Inspiration
Our team member, Romeo, really likes Formula1 Racing. Race cars in F1 are covered in logos of companies. F1 recently released their pricing for advertisements and we thought it would be cool if companies were able to pay for advertisements based on the actual screen time their ads got.
What it does
We trained a convolutional neural network to identify logos such as Coca-Cola, Nike, Adidas, Shell, Facebook, etc. and analyze videos for metrics such as the time a certain company's logo is shown, with what frequency it is shown, and how many advertisements are shown.
How I built it
We gathered thousands of images of billboard ads and inputted them into a pre-trained YOLOv3 (You Only Look Once) machine learning model. We taught the YOLOv3 model using python libraries such as tensorflow, keras, numpy, and imageAI. imageAI is a python library that runs mostly tensorflow under the hood in order to train neural networks for object detection and prediction. We used imageAI because it makes training easier, as it uses novel sub-sampling techniques to more efficiently train for features in images.
Challenges I ran into
We had three main challenges:
- imageAI is an outdated library that doesn't yet support TensorFlow 2.0. Because of this, we had to go under imageAI's hood and fix some compatibility issues. This took us a while.
- Gathering large amounts of non-redundant data from webscraping was difficult. As you can imagine, top Google image-search results are often redundant.
- The final constraint was the hardest: We were limited to training a complex convolutional neural network overnight on a laptop. Because of this, we were only able to train the network 5% of what it should have been trained at (200 epochs was recommended, and we were able to train to 10 epochs). Because of this, we were only able to train our model on Coca-Cola and weren't able to use the thousands of images we scraped, cleaned, and annotated. However, even training for 10 epochs took us 4 hours!

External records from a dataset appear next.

(* Assume $(\alpha_n)\in\ell^1(\mathbb Z)$, $\alpha_n=\overline{\alpha_{-n}}$, $\alpha_0=0$, $\sum_n\alpha_n=-\frac1{4\pi}$, and that $(\alpha_n)$ is generic. Then the solution $(q_n(p))\in\ell^2(\mathbb Z)$ of $$q_n(p)=-\frac{4\pi}{\sqrt{\omega n-ip}}\sum_{k\ne0}\alpha_kq_{n+k}(p)-\frac{2i\sqrt{2\pi}}{\sqrt{\omega n-ip}\,(1+\sqrt{\omega n-ip})},\qquad n\in\mathbb Z,$$ has, in a neighborhood of $p=0$ on the imaginary axis, the form $q_n(p)=c_n(p)+d_n(p)\sqrt p$ for all $n\in\mathbb Z$, where $c_n,d_n$ are analytic at $p=0$.
   Context: $\omega>0$ fixed; square roots use the principal branch ($\sqrt{\rho e^{i\vartheta}}=\sqrt\rho e^{i\vartheta/2}$, $-\pi<\vartheta\le\pi$). This system is the one satisfied by $q_n(p)=\tilde q(p+i\omega n)$, $0\le\Im p<\omega$, where $\tilde q$ is the Laplace transform of the charge associated with the time-periodic point interaction of strength $\alpha(t)=\sum_n\alpha_ne^{-in\omega t}$ and initial datum the bound state of $H_{\alpha(0)}$. Genericity: with $\tilde\alpha=(\alpha_1,\alpha_2,\dots)\in\ell^1(\mathbb N)$ and the shift $(\mathcal Ta)_n=a_{n+1}$ on $\ell^1(\mathbb N)$, $(\alpha_n)$ is generic if $e_1=(1,0,0,\dots)$ lies in the $\ell^1(\mathbb N)$-closure of the linear span of $\{\mathcal T^n\tilde\alpha:n\ge0\}$. *)

theory Defs
  imports "HOL-Analysis.Analysis"
begin

text \<open>The sequence alpha-tilde = (alpha_1, alpha_2, ...) in l1(N), stored 0-based:
  position m holds alpha_(m+1).\<close>
definition alpha_tilde :: "(int \<Rightarrow> complex) \<Rightarrow> nat \<Rightarrow> complex" where
  "alpha_tilde \<alpha> m = \<alpha> (int m + 1)"

definition shiftT :: "(nat \<Rightarrow> complex) \<Rightarrow> nat \<Rightarrow> complex" where
  "shiftT a m = a (Suc m)"

definition e1 :: "nat \<Rightarrow> complex" where
  "e1 m = (if m = 0 then 1 else 0)"

definition l1norm :: "(nat \<Rightarrow> complex) \<Rightarrow> real" where
  "l1norm a = (\<Sum>m. norm (a m))"

text \<open>Genericity: e_1 lies in the l1-closure of span{T^n alpha-tilde : n \<ge> 0}.\<close>
definition generic :: "(int \<Rightarrow> complex) \<Rightarrow> bool" where
  "generic \<alpha> \<longleftrightarrow> (\<forall>\<epsilon>>0. \<exists>N (b :: nat \<Rightarrow> complex).
      l1norm (\<lambda>m. e1 m - (\<Sum>j<N. b j * (shiftT ^^ j) (alpha_tilde \<alpha>) m)) < \<epsilon>)"

end

theory Submission
  imports Defs "HOL-Complex_Analysis.Complex_Analysis" "Jordan_Normal_Form.Determinant"
begin

text \<open>Substituting \<open>p = \<i>t\<^sup>2\<close> turns the coefficients \<open>\<surd>(\<omega>n - \<i>p) = \<surd>(\<omega>n + t\<^sup>2)\<close> into functions that
  are holomorphic in \<open>t\<close> near \<open>0\<close>. For \<open>\<bar>n\<bar> \<ge> N\<close> the factors \<open>4\<pi>/\<surd>(\<omega>n + t\<^sup>2)\<close> are small, so the tail
  equations are solved by a Neumann series, holomorphically in \<open>t\<close>, in terms of the finitely many
  head values \<open>q\<^sub>n\<close>, \<open>\<bar>n\<bar> < N\<close>. This leaves a finite linear system with a holomorphic matrix, which is
  invertible at \<open>t = 0\<close>: a kernel vector gives a square-summable solution of the homogeneous system
  at \<open>t = 0\<close>; pairing it with \<open>q\<close> and using \<open>\<alpha>\<^sub>n = cnj \<alpha>\<^sub>-\<^sub>n\<close> shows \<open>q\<^sub>n = 0\<close> for \<open>n < 0\<close>, where
  \<open>\<surd>(\<omega>n)\<close> is imaginary, and genericity of \<open>\<alpha>\<close> propagates this to all \<open>n\<close>. By Cramer's rule the
  solution is holomorphic in \<open>t\<close> near \<open>0\<close>, and its even and odd parts in \<open>t = \<surd>(-\<i>p)\<close> give
  \<open>q\<^sub>n = c\<^sub>n(p) + d\<^sub>n(p) \<surd>p\<close>.\<close>

section \<open>Unordered sums\<close>

lemma summable_on_norm_bound:
  fixes f :: "'i \<Rightarrow> 'b::banach"
  assumes M: "M summable_on UNIV" and bound: "\<And>k. norm (f k) \<le> M k"
  shows "f summable_on A" "(\<lambda>k. norm (f k)) summable_on A"
proof -
  have norms: "(\<lambda>k. norm (f k)) summable_on UNIV"
    by (rule summable_on_comparison_test[OF M]) (use bound in auto)
  then show "(\<lambda>k. norm (f k)) summable_on A" by (rule summable_on_subset_banach) simp
  show "f summable_on A"
    using abs_summable_summable[OF norms] by (rule summable_on_subset_banach) simp
qed

lemma norm_infsum_le_infsum_bound:
  fixes f :: "'i \<Rightarrow> 'b::banach"
  assumes M: "M summable_on UNIV" and bound: "\<And>k. norm (f k) \<le> M k"
  shows "norm (infsum f A) \<le> infsum M A"
  using norm_infsum_le[of f A "infsum f A" M "infsum M A"] summable_on_norm_bound[OF M bound, of A]
    summable_on_subset_banach[OF M, of A] bound by auto

lemma infsum_compl_finite_small:
  fixes M :: "'i \<Rightarrow> real"
  assumes M: "M summable_on UNIV" and nonneg: "\<And>k. M k \<ge> 0" and e: "e > 0"
  shows "\<exists>X0. finite X0 \<and> (\<forall>X. finite X \<and> X0 \<subseteq> X \<longrightarrow> infsum M (UNIV - X) < e)"
proof -
  obtain X0 where X0: "finite X0" "dist (sum M X0) (infsum M UNIV) \<le> e/2"
    using has_sum_finite_approximation[of M UNIV "infsum M UNIV" "e/2"] M e by auto
  have "infsum M (UNIV - X) < e" if "finite X" "X0 \<subseteq> X" for X
  proof -
    have "infsum M UNIV = infsum M ((UNIV - X) \<union> X)" by simp
    also have "\<dots> = infsum M (UNIV - X) + infsum M X"
      by (rule infsum_Un_disjoint) (use summable_on_subset_banach[OF M] in auto)
    finally have "infsum M UNIV = infsum M (UNIV - X) + infsum M X" .
    moreover have "sum M X0 \<le> sum M X" using that nonneg by (intro sum_mono2) auto
    moreover have "infsum M (UNIV - X) \<ge> 0" using nonneg by (simp add: infsum_nonneg)
    ultimately show ?thesis using X0 that e by (auto simp: dist_real_def abs_if split: if_splits)
  qed
  then show ?thesis using X0 by blast
qed

lemma infsum_shift_Suc:
  fixes f :: "nat \<Rightarrow> 'b::banach"
  assumes "f summable_on UNIV"
  shows "(\<Sum>\<^sub>\<infinity>j. f (Suc j)) = (\<Sum>\<^sub>\<infinity>j. f j) - f 0"
proof -
  have "{0} \<union> range Suc = UNIV" using not0_implies_Suc by auto
  then have "(\<Sum>\<^sub>\<infinity>j. f j) = (\<Sum>\<^sub>\<infinity>j\<in>{0} \<union> range Suc. f j)" by simp
  also have "\<dots> = f 0 + (\<Sum>\<^sub>\<infinity>j\<in>range Suc. f j)"
    by (subst infsum_Un_disjoint) (use assms summable_on_subset_banach in auto)
  also have "(\<Sum>\<^sub>\<infinity>j\<in>range Suc. f j) = (\<Sum>\<^sub>\<infinity>j. f (Suc j))"
    using infsum_reindex[of Suc UNIV f] by (simp add: o_def)
  finally show ?thesis by simp
qed

lemma summable_on_product_nonneg:
  fixes Ma :: "'a \<Rightarrow> real" and Mb :: "'b \<Rightarrow> real"
  assumes Ma: "Ma summable_on UNIV" and Mb: "Mb summable_on UNIV"
    and nonneg: "\<And>x. Ma x \<ge> 0" "\<And>y. Mb y \<ge> 0"
  shows "(\<lambda>(x, y). Ma x * Mb y) summable_on UNIV"
proof (rule nonneg_bdd_above_summable_on)
  show "0 \<le> (case z of (x, y) \<Rightarrow> Ma x * Mb y)" for z using nonneg by (cases z) auto
  show "bdd_above (sum (\<lambda>(x, y). Ma x * Mb y) ` {F. F \<subseteq> UNIV \<and> finite F})"
  proof (rule bdd_aboveI2)
    fix F :: "('a \<times> 'b) set" assume "F \<in> {F. F \<subseteq> UNIV \<and> finite F}"
    then have fin: "finite F" by simp
    have "sum (\<lambda>(x, y). Ma x * Mb y) F \<le> sum (\<lambda>(x, y). Ma x * Mb y) (fst ` F \<times> snd ` F)"
      by (rule sum_mono2) (use fin nonneg in \<open>auto intro: mult_nonneg_nonneg simp: rev_image_eqI\<close>)
    also have "\<dots> = sum Ma (fst ` F) * sum Mb (snd ` F)"
      by (simp add: sum_product sum.cartesian_product)
    also have "\<dots> \<le> infsum Ma UNIV * infsum Mb UNIV"
      by (intro mult_mono finite_sum_le_infsum Ma Mb sum_nonneg infsum_nonneg) (use nonneg fin in auto)
    finally show "sum (\<lambda>(x, y). Ma x * Mb y) F \<le> infsum Ma UNIV * infsum Mb UNIV" .
  qed
qed

lemma summable_on_sum:
  fixes f :: "'i \<Rightarrow> 'a \<Rightarrow> 'b::{topological_comm_monoid_add,t2_space}"
  assumes "finite I" "\<And>i. i \<in> I \<Longrightarrow> f i summable_on A"
  shows "(\<lambda>x. \<Sum>i\<in>I. f i x) summable_on A"
  using assms by (induction I rule: finite_induct) (auto intro: summable_on_add)

lemma infsum_sum:
  fixes f :: "'i \<Rightarrow> 'a \<Rightarrow> 'b::{topological_comm_monoid_add,t2_space}"
  assumes "finite I" "\<And>i. i \<in> I \<Longrightarrow> f i summable_on A"
  shows "(\<Sum>\<^sub>\<infinity>x\<in>A. \<Sum>i\<in>I. f i x) = (\<Sum>i\<in>I. \<Sum>\<^sub>\<infinity>x\<in>A. f i x)"
  using assms
proof (induction I rule: finite_induct)
  case (insert j I)
  have "(\<Sum>\<^sub>\<infinity>x\<in>A. f j x + (\<Sum>i\<in>I. f i x)) = (\<Sum>\<^sub>\<infinity>x\<in>A. f j x) + (\<Sum>\<^sub>\<infinity>x\<in>A. \<Sum>i\<in>I. f i x)"
    by (rule infsum_add) (use insert summable_on_sum[of I f A] in auto)
  then show ?case using insert by simp
qed simp

lemma infsum_diff:
  fixes f g :: "'a \<Rightarrow> 'b::{topological_ab_group_add,t2_space}"
  assumes "f summable_on A" "g summable_on A"
  shows "(\<Sum>\<^sub>\<infinity>x\<in>A. f x - g x) = infsum f A - infsum g A"
  using infsum_add[OF assms(1) summable_on_uminus[THEN iffD2, OF assms(2)]] by (simp add: infsum_uminus)

lemma infsum_int_shift:
  fixes f :: "int \<Rightarrow> 'b::{comm_monoid_add,t2_space}"
  shows "(\<Sum>\<^sub>\<infinity>k. f (n + k)) = (\<Sum>\<^sub>\<infinity>m. f m)"
  by (rule infsum_reindex_bij_witness[of UNIV "\<lambda>m. m - n" "\<lambda>k. n + k"]) auto

lemma infsum_finite_support:
  fixes g :: "'a \<Rightarrow> 'b::{comm_monoid_add,t2_space}"
  assumes "finite H" "\<And>m. m \<notin> H \<Longrightarrow> g m = 0"
  shows "(\<Sum>\<^sub>\<infinity>m. g m) = (\<Sum>m\<in>H. g m)"
  using infsum_cong_neutral[of H UNIV g g] assms by simp

lemma has_sum_geometric_half:
  fixes C :: real
  assumes "C \<ge> 0"
  shows "((\<lambda>j::nat. C / 2^j) has_sum (2 * C)) UNIV"
proof -
  have "(\<lambda>j::nat. C * (1/2)^j) sums (C * (1 / (1 - 1/2)))"
    by (intro sums_mult geometric_sums) simp
  then have "(\<lambda>j::nat. C / 2^j) sums (2 * C)" by (simp add: power_one_over field_simps)
  then show ?thesis by (rule sums_nonneg_imp_has_sum) (use assms in simp)
qed

lemma infsum_weighted_Cauchy_Schwarz:
  fixes w z :: "'i \<Rightarrow> real"
  assumes w: "w summable_on UNIV" and w0: "\<And>k. w k \<ge> 0" and z: "\<And>k. \<bar>z k\<bar> \<le> Z"
  shows "(\<Sum>\<^sub>\<infinity>k. w k * z k)^2 \<le> (\<Sum>\<^sub>\<infinity>k. w k) * (\<Sum>\<^sub>\<infinity>k. w k * (z k)^2)"
proof -
  define W S1 S2 where "W = (\<Sum>\<^sub>\<infinity>k. w k)" and "S1 = (\<Sum>\<^sub>\<infinity>k. w k * z k)"
    and "S2 = (\<Sum>\<^sub>\<infinity>k. w k * (z k)^2)"
  have bound1: "norm (w k * z k) \<le> w k * Z" for k
    using w0[of k] z[of k] by (simp add: abs_mult mult_left_mono)
  have bound2: "norm (w k * (z k)^2) \<le> w k * Z^2" for k
    using w0[of k] power_mono[OF z[of k] abs_ge_zero, of 2] by (simp add: abs_mult mult_left_mono)
  have hW: "(w has_sum W) UNIV" using w W_def by (simp add: summable_iff_has_sum_infsum)
  have h1: "((\<lambda>k. w k * z k) has_sum S1) UNIV"
    using summable_on_norm_bound(1)[OF summable_on_cmult_left[OF w] bound1] S1_def
    by (simp add: summable_iff_has_sum_infsum)
  have h2: "((\<lambda>k. w k * (z k)^2) has_sum S2) UNIV"
    using summable_on_norm_bound(1)[OF summable_on_cmult_left[OF w] bound2] S2_def
    by (simp add: summable_iff_has_sum_infsum)
  have quadratic: "S2 - 2 * m * S1 + m^2 * W \<ge> 0" for m
  proof -
    have "((\<lambda>k. w k * (z k)^2 + (- 2 * m) * (w k * z k) + m^2 * w k) has_sum (S2 + (- 2 * m) * S1 + m^2 * W)) UNIV"
      by (intro has_sum_add has_sum_cmult_right h1 h2 hW)
    moreover have "w k * (z k)^2 + (- 2 * m) * (w k * z k) + m^2 * w k = w k * (z k - m)^2" for k
      by (simp add: power2_eq_square algebra_simps)
    ultimately have "((\<lambda>k. w k * (z k - m)^2) has_sum (S2 - 2 * m * S1 + m^2 * W)) UNIV" by simp
    then show ?thesis by (rule has_sum_nonneg) (use w0 in simp)
  qed
  have W0: "W \<ge> 0" by (rule has_sum_nonneg[OF hW]) (use w0 in auto)
  show ?thesis unfolding W_def[symmetric] S1_def[symmetric] S2_def[symmetric]
  proof (cases "W = 0")
    case True
    have "norm S1 \<le> (\<Sum>\<^sub>\<infinity>k. w k * Z)" unfolding S1_def
      by (rule norm_infsum_le_infsum_bound[OF summable_on_cmult_left[OF w] bound1])
    also have "\<dots> = W * Z" unfolding W_def by (rule infsum_cmult_left')
    finally show "S1^2 \<le> W * S2" using True by simp
  next
    case False
    then have "W > 0" using W0 by simp
    then show "S1^2 \<le> W * S2"
      using quadratic[of "S1 / W"] by (simp add: power2_eq_square field_simps)
  qed
qed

Accomplishments that I'm proud of:
We're proud that we were able to create our first image analyzing CNN within hours and understood how it work. We're proud that we were able to fix legacy code instead of scrapping the project all together. Lastly, we're proud of the teamwork that we demonstrated. We definitely made some good friendships and were able to collaborate to execute a complex task efficiently.
What I learned
We learned the importance of good data in training ML models, and how long it takes to gather data.
What's next for ad.value()
We want to figure out how to distribute the earnings from advertisements among TV networks, stadium owners, and athletes. It's a tricky problem! After all, what is fair?